# Difference between Penfold's books and Candlestick book recommendation



## bullet21 (1 August 2010)

Just finished Universal Principals and found it very informative. Im thinking about purchasing Trading the SPI, but he does mention in Universal Principals that he will be repeating some of the stuff from SPI.

Anyone read both and think its worth purchasing the Trading the Spi after having read his latest? Or will it just be revision.

Also im looking at buying a good candlestick charting book. From what ive read Candlestick Charting Techniques by Nison seems to be the go, but it is quite pricey. Any other recommendations, though if you think Nisons is the best i will gladly fork out the cash.


----------



## brty (1 August 2010)

> From what ive read Candlestick Charting Techniques by Nison seems to be the go, but it is quite pricey.

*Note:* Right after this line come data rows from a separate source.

(* The interacting particle system is non-explosive: for every $f\in F_0(G)$, $$P_f\Big(\sum_{n=1}^\infty\xi_n=\infty\Big)=1 .$$
   Context: A graph is a quadruple $G=(V,E,K,m)$: $V$ is a finite or countable set of nodes, which are elements of a real Hilbert space $\mathcal H$ with inner product "$\cdot$" and norm $|\cdot|$; $E$ is a set of undirected edges (at most one edge between any two distinct nodes, no self-loops); the edge between $x$ and $y$ is written $\langle x,y\rangle=\langle y,x\rangle$, and $y\sim x$ means this edge exists; $K=(k_{xy})_{x,y\in V}$ with $k_{xy}=k_{yx}\ge0$ and $k_{xy}=0$ if there is no edge; $m=(m_x)_{x\in V}$ with $m_x>0$. Let $e_{xy}=(y-x)/|y-x|$. Assume $d_0=\sup_{x\in V}\#\{y:y\sim x\}<\infty$, set $d=\max\{d_0,2\}$, and assume $M=\max\{\sup_{x\in V}m_x^{-1},\sup_{\langle x,y\rangle\in E}k_{xy}\}<\infty$. $V=V_0\cup V_1$ is a fixed partition into disjoint sets. $F(G)$ is the set of functions $f$ assigning a real number $f(x)$ to each $x\in V$ and a vector $f(\langle x,y\rangle)\in\mathcal H$ that is a real multiple of $y-x$ to each edge. For $1\le\alpha<\infty$, $\|f\|_\alpha=\big(\sum_{x\in V}|f(x)|^\alpha/m_x+\sum_{\langle x,y\rangle\in E}k_{xy}|f(\langle x,y\rangle)|^\alpha\big)^{1/\alpha}$, and $\|f\|_\infty=\max\{\sup_x|f(x)|,\sup_{\langle x,y\rangle}|f(\langle x,y\rangle)|\}$. $F_0(G)$ is the set of $f\in F(G)$ with finitely many nonzero values such that $|f(x)|\in\mathbb Z$ and $|f(\langle x,y\rangle)|\in\mathbb Z$ for all nodes and edges. The interacting particle system (IPS) $(f_t)_{t\ge0}$ is the continuous-time Markov jump process on $F_0(G)$ with the following transitions from state $f$: (i) for each $x\in V$, at rate $|f(x)|/m_x$, for every $y\sim x$ the edge value $f(\langle x,y\rangle)$ is replaced by $f(\langle x,y\rangle)+\mathrm{sgn}(f(x))\,e_{yx}$ (all other values unchanged); (ii) for each edge $\langle x,y\rangle$, at rate $k_{xy}|f(\langle x,y\rangle)|$, with $s=\mathrm{sgn}(f(\langle x,y\rangle)\cdot e_{xy})$, the value $f(x)$ is replaced by $f(x)+s$ if $x\in V_0$ and $f(y)$ by $f(y)-s$ if $y\in V_0$ (values at nodes of $V_1$ never change; this rule is symmetric in $x,y$). $P_f,\mathbb E_f$ denote probability and expectation given $f_0=f$. $\tau_0=0$, $\tau_n$ is the time of the $n$-th jump, $\xi_n=\tau_n-\tau_{n-1}$, $h_n=f_{\tau_n}$, and $\eta_t=\sup\{n:\tau_n\le t\}$. *)

theory Defs
  imports "HOL-Probability.Probability"
begin

text \<open>Graph encoding: nodes V are points of a real Hilbert space 'h; the edge set E is a
set of two-element subsets {x,y} of V; the conductances k and edge values are indexed by
the unordered edge {x,y}.\<close>

type_synonym 'h ips_state = "('h \<Rightarrow> real) \<times> ('h set \<Rightarrow> 'h)"

definition unitv :: "'h::real_normed_vector \<Rightarrow> 'h \<Rightarrow> 'h" where
  "unitv x y = (1 / norm (y - x)) *\<^sub>R (y - x)"

definition good_graph ::
  "'h::{real_inner,complete_space} set \<Rightarrow> 'h set set \<Rightarrow> ('h set \<Rightarrow> real) \<Rightarrow> ('h \<Rightarrow> real) \<Rightarrow> 'h set \<Rightarrow> bool" where
  "good_graph V E k m V0 \<longleftrightarrow>
     countable V \<and>
     (\<forall>\<epsilon>\<in>E. \<exists>x y. \<epsilon> = {x, y} \<and> x \<in> V \<and> y \<in> V \<and> x \<noteq> y) \<and>
     (\<forall>\<epsilon>\<in>E. k \<epsilon> \<ge> 0) \<and>
     (\<forall>x\<in>V. m x > 0) \<and>
     (\<exists>D::nat. \<forall>x\<in>V. finite {y. {x, y} \<in> E} \<and> card {y. {x, y} \<in> E} \<le> D) \<and>
     (\<exists>B::real. (\<forall>x\<in>V. 1 / m x \<le> B) \<and> (\<forall>\<epsilon>\<in>E. k \<epsilon> \<le> B)) \<and>
     V0 \<subseteq> V"

definition F0 :: "'h::real_inner set \<Rightarrow> 'h set set \<Rightarrow> 'h ips_state set" where
  "F0 V E = {(f, fe).
     (\<forall>x. x \<notin> V \<longrightarrow> f x = 0) \<and> (\<forall>\<epsilon>. \<epsilon> \<notin> E \<longrightarrow> fe \<epsilon> = 0) \<and>
     finite {x. f x \<noteq> 0} \<and> finite {\<epsilon>. fe \<epsilon> \<noteq> 0} \<and>
     (\<forall>x y. {x, y} \<in> E \<longrightarrow> (\<exists>c::real. fe {x, y} = c *\<^sub>R (y - x))) \<and>
     (\<forall>x. \<bar>f x\<bar> \<in> \<int>) \<and> (\<forall>\<epsilon>. norm (fe \<epsilon>) \<in> \<int>)}"

definition node_step :: "'h set set \<Rightarrow> 'h::real_inner \<Rightarrow> 'h ips_state \<Rightarrow> 'h ips_state" where
  "node_step E x st = (case st of (f, fe) \<Rightarrow>
     (f, \<lambda>\<epsilon>. if \<epsilon> \<in> E \<and> x \<in> \<epsilon> then fe \<epsilon> + sgn (f x) *\<^sub>R unitv (the_elem (\<epsilon> - {x})) x
              else fe \<epsilon>))"

definition edge_step_or :: "'h set \<Rightarrow> 'h::real_inner \<Rightarrow> 'h \<Rightarrow> 'h ips_state \<Rightarrow> 'h ips_state" where
  "edge_step_or V0 x y st = (case st of (f, fe) \<Rightarrow>
     (let s = sgn (fe {x, y} \<bullet> unitv x y) in
      (\<lambda>z. if z = x \<and> x \<in> V0 then f x + s
           else if z = y \<and> y \<in> V0 then f y - s else f z, fe)))"

text \<open>Transition (ii) for the unordered edge (the rule is symmetric in x,y).\<close>
definition edge_step :: "'h set \<Rightarrow> 'h::real_inner set \<Rightarrow> 'h ips_state \<Rightarrow> 'h ips_state" where
  "edge_step V0 \<epsilon> st = (THE g. \<exists>x y. \<epsilon> = {x, y} \<and> x \<noteq> y \<and> g = edge_step_or V0 x y st)"

definition total_rate ::
  "'h set \<Rightarrow> 'h set set \<Rightarrow> ('h set \<Rightarrow> real) \<Rightarrow> ('h \<Rightarrow> real) \<Rightarrow> 'h::real_inner ips_state \<Rightarrow> real" where
  "total_rate V E k m st = (case st of (f, fe) \<Rightarrow>
     (\<Sum>x\<in>{x\<in>V. f x \<noteq> 0}. \<bar>f x\<bar> / m x) + (\<Sum>\<epsilon>\<in>{\<epsilon>\<in>E. fe \<epsilon> \<noteq> 0}. k \<epsilon> * norm (fe \<epsilon>)))"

If you think the cost of what "seems to be the go" is too expensive, then you are not in a position to consider trading/investing.

I have hundreds of trading books that I have collected over the years, most are fairly useless but have contributed to my education as a trader. Most of what I use these days is not in any book anywhere.

By saying "contributed to my education" I mean in a way to find what works in certain circumstances/times only, yet fail at other times. To find approaches that don't suit my personality/pain levels etc.

brty


----------



## bullet21 (3 August 2010)

brty said:


> If you think the cost of what "seems to be the go" is too expensive, then you are not in a position to consider trading/investing.
> 
> brty






bullet21 said:


> Also im looking at buying a good candlestick charting book. From what ive read Candlestick Charting Techniques by Nison seems to be the go, but it is quite pricey. Any other recommendations, *though if you think Nisons is the best i will gladly fork out the cash*.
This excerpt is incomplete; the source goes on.